Hastings slowly turned. Luchino was standing by a newly-opened window, the curtains rippling around him like a great cape, a gun pointing at the others. He saw the instinctive quiver in Hastings's hand—the one that was holding the gun.

‘Calm down,
mon ami
. We are on the same side, remember?'

Eva pointed at Luchino. ‘I like him more.'

Luchino bowed gallantly. ‘My friend and I, we are in trouble. Explain to them.'

‘We were hired to kill you, but we don't want to.' Hastings shrugged. ‘It'll be tough enough standing up to them, without having to worry about your people coming after us too. We need to make sure that doesn't happen. That's why we need the photos.'

‘If it's amnesty you want, I'll give it to you.'

‘Not amnesty, amnesia.'

‘That's it?'

‘And a million.'

‘Who's behind this?'

‘Everyone. No one.'

‘What about that lunatic Howard Hughes?' JFK caught the trousers Hastings tossed him. ‘Or Old Man Bannister? I bet that son of a bitch is in on it too.'

‘If we knew for sure, we'd already be dead.'

Hastings nods at Luchino. ‘We're going. We'll take care of the girl.'

‘I don't like the sound of that.'

‘Trust me, you'll be safe.' Hastings handed Eva her dress. ‘In the meantime, you better clean yourself up, Mr. President, you look like shit.'

Kennedy froze, staring at them. ‘Who are you people?'

Hastings and Luchino exchanged looks. ‘The best,' Luchino said.
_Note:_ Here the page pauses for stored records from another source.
lemma integral_chernoff_term_le:
  fixes A C :: "'a set" and L :: real
  assumes "finite I" "J \<subseteq> I" "J \<noteq> {}" "A \<in> events" "C \<in> events" "C \<subseteq> A" "0 < prob A" "0 \<le> L"
  defines "p \<equiv> prob C / prob A"
  shows "(\<integral>\<omega>. chernoff_term I A C L p J \<omega> \<partial>PiM I (\<lambda>_. M))
         \<le> exp (- L) * (prob A ^ card J * (1 - prob A) ^ (card I - card J))"
proof -
  define l where "l = sqrt (8 * L / card J)"
  let ?a = "\<lambda>x. indicator A x * exp (l * (indicator C x - p))"
  have k: "0 < card J"
    using assms(1-3) by (simp add: card_gt_0_iff finite_subset)
  have int_a: "integrable M ?a" and int_b: "integrable M (\<lambda>x. 1 - indicator A x :: real)"
    using assms(4-6) by (simp_all add: indicator_mult_exp_excess_eq emeasure_eq_measure)
  have "0 \<le> l"
    using assms(8) by (simp add: l_def)
  from integral_indicator_exp_excess_le[OF assms(4-7) this]
  have a_le: "(\<integral>x. ?a x \<partial>M) \<le> prob A * exp (l\<^sup>2 / 8)"
    unfolding p_def .
  have b_eq: "(\<integral>x. 1 - indicator A x \<partial>M) = 1 - prob A"
    using assms(4) by (subst Bochner_Integration.integral_diff) (auto simp: emeasure_eq_measure Int_absorb2 prob_space)
  have exp_pow: "exp (l\<^sup>2 / 8) ^ card J = exp L"
    using k assms(8) by (simp add: l_def exp_of_nat_mult[symmetric])
  have "(\<integral>\<omega>. chernoff_term I A C L p J \<omega> \<partial>PiM I (\<lambda>_. M))
      = exp (- 2 * L) * (\<integral>x. ?a x \<partial>M) ^ card J * (1 - prob A) ^ (card I - card J)"
    using integral_PiM_prod_if[OF assms(1,2) int_a int_b] unfolding chernoff_term_def l_def
    by (simp add: b_eq)
  also have "\<dots> \<le> exp (- 2 * L) * (prob A * exp (l\<^sup>2 / 8)) ^ card J * (1 - prob A) ^ (card I - card J)"
    using a_le by (intro mult_right_mono mult_left_mono power_mono integral_nonneg) auto
  also have "\<dots> = exp (- L) * (prob A ^ card J * (1 - prob A) ^ (card I - card J))"
    using exp_pow by (simp add: power_mult_distrib mult_exp_exp)
  finally show ?thesis .
qed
‘Give me one reason why I should trust you.'

‘Because we're the ones holding the guns and we haven't used them.'

‘You used a camera though, you sanctimonious bastard,' Kennedy said, tying up shoelaces.

‘Relax, Jack, if they wanted to hurt us, they would have already done it.'

He started doing up his shirt, dropping a cuff link in his impatience. Luchino picked it up and handed it to him. Kennedy snatched it from his hand. ‘I'll have your hides, I tell you that, if you don't hand over that film now.'

‘You give us two million and the photos will go away.'

'He just said one.'

‘A million each,
n'est-ce pas
?'

The president gestured to Eva as he did up his tie. ‘What about the girl?'

‘I'm a lady, show some respect.'

‘She's safe with us, and that's a promise. We'll get her out of here, no questions asked. But if anything ever happens to her that we can trace back to you . . . '

‘We will certainly not like it.'

Eva nodded towards Luchino. ‘The perfect gentleman . . . ' She turned her back to Hastings. ‘Zip me, will you . . . ?'

The glide of the zipper filled the silent room.

‘So we have a deal?'

‘Fuck you, yes . . . '

‘A pleasure doing business with the Land of the Brave.'

‘Fuck you too. And de Gaulle.'

Luchino offered his arm to Eva, who shook her head. ‘I'm walking out of here unescorted. And I'm going home on my own.'

‘Such a pity, a beautiful woman like you . . . '

‘Drop dead, if you pardon my French.' She looked back at JFK. ‘Despite early indications, it turned out to be a memorable night after all . . . '

JFK stared at her, straightening his collar. ‘Best if we not see each other for a while . . . '

‘Is never long enough for you Jack, 'cause it does me just fine.'

Hastings walked Eva out of the room, her high-heeled shoes dangling from one hand. He slipped something into her bag. If she felt it; she didn't show it. He turned to the president. ‘We'll be in touch.'

‘How will you get in contact?'

‘I have your direct number.'

Kennedy's jaw dropped, exposing gleaming white teeth which made his face look even more tanned by contrast. ‘That's impossible. Wait a minute. What are your names?' But they were already walking out the door. Hastings paused, turning back to the president. ‘I want you to know, I was there . . . '

‘There?'

‘Brentwood. The night she died . . . ' The door closed behind him. The president stood there for a long moment, then sat down on the bed and put his head in his hands.

C
HAPTER 26
Los Angeles 1960

W
hy in Christ's name did she do that?' Schiller shakes his head, watching the ambulance doors close on what, less than twenty minutes before, had been our only important witness—in custody, that is; and still capable of talking. Press hounds snap away, the pop of their bulbs punctuating Schiller's breathing. Greta Simmons hadn't just killed herself. She had also probably just pulled the plug on the kid.

‘Fear . . . ' Only this was no fear for self. This was fear on a grand scale. The kind of fear that cripples just by imagining it. The kind of fear that doesn't just end lives but whole worlds.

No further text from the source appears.